Nintendo has proven time and again that hardware specs are immaterial when it comes to engaging the player, but Link's Awakening managed to also be melancholy and narratively thought-provoking in a way I hadn't experienced before, and being reminded of its origins enhances its effect on me. - Gavin

The Legend of Zelda: Link's Awakening DX (GBC)

It really says something when my go-to version of Link's Awakening isn't the fancy-schmancy remake on the Switch. In my opinion, the DX version of the game strikes the perfect balance between the OG and the remake: it's bursting with colour that instantly makes it a more appealing prospect than the original, yet it's not held back by the dire performance issues plaguing the remake.

Honestly, I'd also go so far as to say that the DX version (and the original, to an extent) holds a certain je ne sais quoi that, try as it might, the remake simply couldn't replicate. The best pixel spritework ages wonderfully well, and Link's Awakening DX still looks fantastic to this very day, its visuals and music perfectly suited to the game's utterly charming story and setting. - Ollie

The Legend of Zelda: Link's Awakening (Switch)

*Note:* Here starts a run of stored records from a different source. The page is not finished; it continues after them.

lemma
  assumes "\<And>t. subprob_space (K t)" "\<And>t. sets (K t) = sets restM"
  shows sets_type_mixture: "sets (type_mixture K) = sets restM"
    and emeasure_type_mixture:
      "S \<in> sets restM \<Longrightarrow> emeasure (type_mixture K) S = (\<Sum>t\<in>UNIV. emeasure (K t) S)"
proof -
  have nonempty: "space (count_space (UNIV :: ctype set)) \<noteq> {}"
    by simp
  show "sets (type_mixture K) = sets restM"
    unfolding type_mixture_def by (rule sets_bind[OF _ nonempty]) (simp add: assms(2))
  have K: "K \<in> count_space UNIV \<rightarrow>\<^sub>M subprob_algebra restM"
    using assms by (simp add: space_subprob_algebra)
  assume S: "S \<in> sets restM"
  have "emeasure (type_mixture K) S = (\<integral>\<^sup>+ t. emeasure (K t) S \<partial>count_space UNIV)"
    unfolding type_mixture_def by (rule emeasure_bind[OF nonempty K S])
  also have "\<dots> = (\<Sum>t\<in>UNIV. emeasure (K t) S)"
    by (rule nn_integral_count_space_finite) (simp add: UNIV_ctype)
  finally show "emeasure (type_mixture K) S = (\<Sum>t\<in>UNIV. emeasure (K t) S)" .
qed

definition embed_TA :: "real \<times> real \<Rightarrow> pot" where "embed_TA p = ((fst p, snd p, 0, 0), True, True)"
definition embed_TC :: "real \<times> real \<Rightarrow> pot" where "embed_TC p = ((fst p, 0, 0, snd p), False, True)"
definition embed_TN :: "real \<times> real \<Rightarrow> pot" where "embed_TN p = ((0, 0, fst p, snd p), False, False)"

lemma measurable_embed [measurable]:
  "embed_TA \<in> borel \<Otimes>\<^sub>M borel \<rightarrow>\<^sub>M restM"
  "embed_TC \<in> borel \<Otimes>\<^sub>M borel \<rightarrow>\<^sub>M restM"
  "embed_TN \<in> borel \<Otimes>\<^sub>M borel \<rightarrow>\<^sub>M restM"
  unfolding restM_eq embed_TA_def embed_TC_def embed_TN_def by measurable

lemma pY_pD_embed [simp]:
  "pY d z (embed_TA p) = (if d then (if z then fst p else snd p) else 0)"
  "pY d z (embed_TC p) = (if d \<and> z then fst p else if \<not> d \<and> \<not> z then snd p else 0)"
  "pY d z (embed_TN p) = (if d then 0 else (if z then fst p else snd p))"
  "pD z (embed_TA p) = True" "pD z (embed_TC p) = z" "pD z (embed_TN p) = False"
  by (simp_all add: pY_def pD_def embed_TA_def embed_TC_def embed_TN_def split: prod.split)

locale type_parts = pot_space R for R +
  fixes XA XC YN YC :: "real measure"
  assumes decomposes_11: "decomposes (outcome_law R True True) XA XC"
    and mass_XA: "measure XA UNIV = pr_pot R (pD False)"
    and decomposes_00: "decomposes (outcome_law R False False) YN YC"
    and mass_YN: "measure YN UNIV = 1 - pr_pot R (pD True)"
begin

text \<open>
  Always-takers draw (Y11, Y10) from XA and the outcome law of Y10, compliers draw (Y11, Y00) from
  XC and YC, never-takers draw (Y01, Y00) from the outcome law of Y01 and YN, each independently and
  normalised by the share of the type; the unobservable coordinates are set to 0.
\<close>

definition type_kernel :: "ctype \<Rightarrow> pot measure" where
  "type_kernel t = (case t of
     TA \<Rightarrow> embed_product XA (outcome_law R True False) (pr_pot R (pD False)) embed_TA
   | TC \<Rightarrow> embed_product XC YC (pr_pot R (pD True) - pr_pot R (pD False)) embed_TC
   | TN \<Rightarrow> embed_product (outcome_law R False True) YN (1 - pr_pot R (pD True)) embed_TN
   | TDF \<Rightarrow> null_measure restM)"

definition glued_law :: "pot measure" where
  "glued_law = type_mixture type_kernel"

lemma mass_XC_YC:
  "measure XC UNIV = pr_pot R (pD True) - pr_pot R (pD False)"
  "measure YC UNIV = pr_pot R (pD True) - pr_pot R (pD False)"
  using decomposes_11 decomposes_00 mass_XA mass_YN mass_outcome_law
  by (auto simp: decomposes_def dest!: bspec[of _ _ UNIV])

lemma equal_mass_pairs:
  "equal_mass_pair XA (outcome_law R True False) (pr_pot R (pD False))"
  "equal_mass_pair XC YC (pr_pot R (pD True) - pr_pot R (pD False))"
  "equal_mass_pair (outcome_law R False True) YN (1 - pr_pot R (pD True))"
  using decomposes_11 decomposes_00 mass_XA mass_YN mass_XC_YC mass_outcome_law finite_measure_outcome_law
  by (auto simp: equal_mass_pair_def decomposes_def)

lemma type_kernel_simps:
  "type_kernel TA = embed_product XA (outcome_law R True False) (pr_pot R (pD False)) embed_TA"
  "type_kernel TC = embed_product XC YC (pr_pot R (pD True) - pr_pot R (pD False)) embed_TC"
  "type_kernel TN = embed_product (outcome_law R False True) YN (1 - pr_pot R (pD True)) embed_TN"
  "type_kernel TDF = null_measure restM"
  by (simp_all add: type_kernel_def)

lemma sets_type_kernel: "sets (type_kernel t) = sets restM"
  by (cases t) (simp_all add: type_kernel_simps)

lemma subprob_space_type_kernel: "subprob_space (type_kernel t)"
proof -
  have "pr_pot R (pD True) - pr_pot R (pD False) \<le> 1"
    using pr_pot_le_1[of "pD True"] pr_pot_nonneg[of R "pD False"] by linarith
  then show ?thesis
    by (cases t) (simp_all add: type_kernel_simps equal_mass_pairs subprob_space_embed_product pr_pot_le_1
        pr_pot_nonneg subprob_space_null_measure)
qed

lemma emeasure_glued_law:
  assumes "S \<in> sets restM"
  shows "emeasure glued_law S = ennreal (measure (type_kernel TA) S + measure (type_kernel TC) S + measure (type_kernel TN) S)"
proof -
  have "emeasure (type_kernel t) S = ennreal (measure (type_kernel t) S)" for t
  proof -
    interpret subprob_space "type_kernel t" by (rule subprob_space_type_kernel)
    show ?thesis by (rule emeasure_eq_measure)
  qed
  then show ?thesis
    using assms by (simp add: glued_law_def emeasure_type_mixture subprob_space_type_kernel sets_type_kernel UNIV_ctype
        type_kernel_simps(4) ennreal_plus[symmetric] del: ennreal_plus)
qed

lemma measure_glued_law:
  "S \<in> sets restM \<Longrightarrow> measure glued_law S = measure (type_kernel TA) S + measure (type_kernel TC) S + measure (type_kernel TN) S"
  unfolding measure_def[of glued_law] by (simp add: emeasure_glued_law del: ennreal_plus)

lemma measure_type_kernel:
  assumes "S \<in> sets restM" "E \<in> sets borel"
  shows "embed_TA -` S = E \<times> UNIV \<Longrightarrow> measure (type_kernel TA) S = measure XA E"
    and "embed_TA -` S = UNIV \<times> E \<Longrightarrow> measure (type_kernel TA) S = measure (outcome_law R True False) E"
    and "embed_TC -` S = E \<times> UNIV \<Longrightarrow> measure (type_kernel TC) S = measure XC E"
    and "embed_TC -` S = UNIV \<times> E \<Longrightarrow> measure (type_kernel TC) S = measure YC E"
    and "embed_TN -` S = E \<times> UNIV \<Longrightarrow> measure (type_kernel TN) S = measure (outcome_law R False True) E"
    and "embed_TN -` S = UNIV \<times> E \<Longrightarrow> measure (type_kernel TN) S = measure YN E"
  using measure_embed_product_fst[OF equal_mass_pairs(1) measurable_embed(1) assms(1) _ assms(2)]
    measure_embed_product_snd[OF equal_mass_pairs(1) measurable_embed(1) assms(1) _ assms(2)]
    measure_embed_product_fst[OF equal_mass_pairs(2) measurable_embed(2) assms(1) _ assms(2)]
    measure_embed_product_snd[OF equal_mass_pairs(2) measurable_embed(2) assms(1) _ assms(2)]
    measure_embed_product_fst[OF equal_mass_pairs(3) measurable_embed(3) assms(1) _ assms(2)]
    measure_embed_product_snd[OF equal_mass_pairs(3) measurable_embed(3) assms(1) _ assms(2)]
  by (simp_all add: type_kernel_simps)

lemma measure_type_kernel_empty:
  assumes "S \<in> sets restM"
  shows "embed_TA -` S = {} \<Longrightarrow> measure (type_kernel TA) S = 0"
    and "embed_TC -` S = {} \<Longrightarrow> measure (type_kernel TC) S = 0"
    and "embed_TN -` S = {} \<Longrightarrow> measure (type_kernel TN) S = 0"
  using measure_embed_product_empty[OF equal_mass_pairs(1) measurable_embed(1) assms]
    measure_embed_product_empty[OF equal_mass_pairs(2) measurable_embed(2) assms]
    measure_embed_product_empty[OF equal_mass_pairs(3) measurable_embed(3) assms]
  by (simp_all add: type_kernel_simps)

lemma pot_space_glued_law: "pot_space glued_law"
proof -
  have sets: "sets glued_law = sets restM"
    unfolding glued_law_def by (rule sets_type_mixture[OF subprob_space_type_kernel sets_type_kernel])
  have "emeasure glued_law UNIV = ennreal (measure XA UNIV + measure XC UNIV + measure (outcome_law R False True) UNIV)"
    using emeasure_glued_law[OF sets.top[of restM]] measure_type_kernel[OF sets.top[of restM] sets.top[of borel]]
    by simp
  then have "prob_space glued_law"
    using sets_eq_imp_space_eq[OF sets] mass_XA mass_XC_YC mass_outcome_law by (intro prob_spaceI) simp
  then show ?thesis
    using sets by (rule pot_spaceI)
qed

lemma measure_glued_law_outcome:
  assumes E: "E \<in> sets borel"
  shows "measure glued_law {r. pY d z r \<in> E \<and> pD z r = d} = measure (outcome_law R d z) E"
proof -
  have S: "{r. pY d z r \<in> E \<and> pD z r = d} \<in> sets restM" for d z
    using E by measurable
  note evaluate = measure_glued_law[OF S] measure_type_kernel[OF S E] measure_type_kernel_empty[OF S]
  have split: "measure X E + measure X' E = measure \<nu> E" if "decomposes \<nu> X X'" for \<nu> X X'
    using that E by (simp add: decomposes_def)
  have "embed_TA -` {r. pY True True r \<in> E \<and> pD True r = True} = E \<times> UNIV"
    "embed_TC -` {r. pY True True r \<in> E \<and> pD True r = True} = E \<times> UNIV"
    "embed_TN -` {r. pY True True r \<in> E \<and> pD True r = True} = {}"
    by auto
  then have TT: "measure glued_law {r. pY True True r \<in> E \<and> pD True r = True} = measure (outcome_law R True True) E"
    using split[OF decomposes_11] by (simp only: evaluate)
  have "embed_TA -` {r. pY True False r \<in> E \<and> pD False r = True} = UNIV \<times> E"
    "embed_TC -` {r. pY True False r \<in> E \<and> pD False r = True} = {}"
    "embed_TN -` {r. pY True False r \<in> E \<and> pD False r = True} = {}"
    by auto
  then have TF: "measure glued_law {r. pY True False r \<in> E \<and> pD False r = True} = measure (outcome_law R True False) E"
    by (simp only: evaluate)
  have "embed_TA -` {r. pY False True r \<in> E \<and> pD True r = False} = {}"
    "embed_TC -` {r. pY False True r \<in> E \<and> pD True r = False} = {}"
    "embed_TN -` {r. pY False True r \<in> E \<and> pD True r = False} = E \<times> UNIV"
    by auto
  then have FT: "measure glued_law {r. pY False True r \<in> E \<and> pD True r = False} = measure (outcome_law R False True) E"
    by (simp only: evaluate)
  have "embed_TA -` {r. pY False False r \<in> E \<and> pD False r = False} = {}"
    "embed_TC -` {r. pY False False r \<in> E \<and> pD False r = False} = UNIV \<times> E"
    "embed_TN -` {r. pY False False r \<in> E \<and> pD False r = False} = UNIV \<times> E"
    by auto
  then have FF: "measure glued_law {r. pY False False r \<in> E \<and> pD False r = False} = measure (outcome_law R False False) E"
    using split[OF decomposes_00] by (simp only: evaluate)
  show ?thesis
    using TT TF FT FF by (cases d; cases z) simp_all
qed

lemma pr_pot_glued_TDF: "pr_pot glued_law (is_type TDF) = 0"
proof -
  have "embed_TA -` {r. is_type TDF r} = {}" "embed_TC -` {r. is_type TDF r} = {}"
    "embed_TN -` {r. is_type TDF r} = {}"
    by auto
  then show ?thesis
    using measure_glued_law measure_type_kernel_empty by (simp add: pr_pot_def del: is_type.simps)
qed

lemma pr_pot_glued_TA:
  assumes E: "E \<in> sets borel"
  shows "pr_pot glued_law (\<lambda>r. pY True True r \<in> E \<and> is_type TA r) = measure XA E"
proof -
  have "{r. pY True True r \<in> E \<and> is_type TA r} \<in> sets restM"
    using E by measurable
  moreover have "embed_TA -` {r. pY True True r \<in> E \<and> is_type TA r} = E \<times> UNIV"
    "embed_TC -` {r. pY True True r \<in> E \<and> is_type TA r} = {}"
    "embed_TN -` {r. pY True True r \<in> E \<and> is_type TA r} = {}"
    by auto
  ultimately show ?thesis
    unfolding pr_pot_def by (simp only: measure_glued_law measure_type_kernel[OF _ E] measure_type_kernel_empty)
qed

lemma pr_pot_glued_TN:
  assumes E: "E \<in> sets borel"
  shows "pr_pot glued_law (\<lambda>r. pY False False r \<in> E \<and> is_type TN r) = measure YN E"
proof -
  have "{r. pY False False r \<in> E \<and> is_type TN r} \<in> sets restM"
    using E by measurable
  moreover have "embed_TA -` {r. pY False False r \<in> E \<and> is_type TN r} = {}"
    "embed_TC -` {r. pY False False r \<in> E \<and> is_type TN r} = {}"
    "embed_TN -` {r. pY False False r \<in> E \<and> is_type TN r} = UNIV \<times> E"
    by auto
  ultimately show ?thesis
    unfolding pr_pot_def by (simp only: measure_glued_law measure_type_kernel[OF _ E] measure_type_kernel_empty)
qed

I love the Link's Awakening Switch remake, warts and all. Yes, there are performance issues which make busier sequences that little bit more frustrating to get through, but I can put all that aside for just how beautiful this game is. What Grezzo managed to do was take a title that had already had something of a facelift in the DX version and do the same thing all over again with a bunch of new features thrown in for good measure.

Now there's the Dungeon Creator mode, amiibo support (with my favourite amiibo tie-in, coincidentally) and a map that feels truly unified, all bundled up in that stunning figurine art style. It takes the sense of philosophical whimsy that is so integral to the original story and dials it up to eleven. For that, it has to be my favourite version. - Jim

Wing Egg
Image: Nintendo

This is sort of by default for me, sadly, having never made the time to play any other version of Link's Awakening. It's that utterly charming art style that compelled me to dive in. It makes it feel like Link's Awakening is a child's playset. And as someone who loves to get nostalgic and loves pixel art, I'm sure that DX will eventually be the version I truly stick to. But I can't deny that the Game Boy's button restrictions aren't missed here at all.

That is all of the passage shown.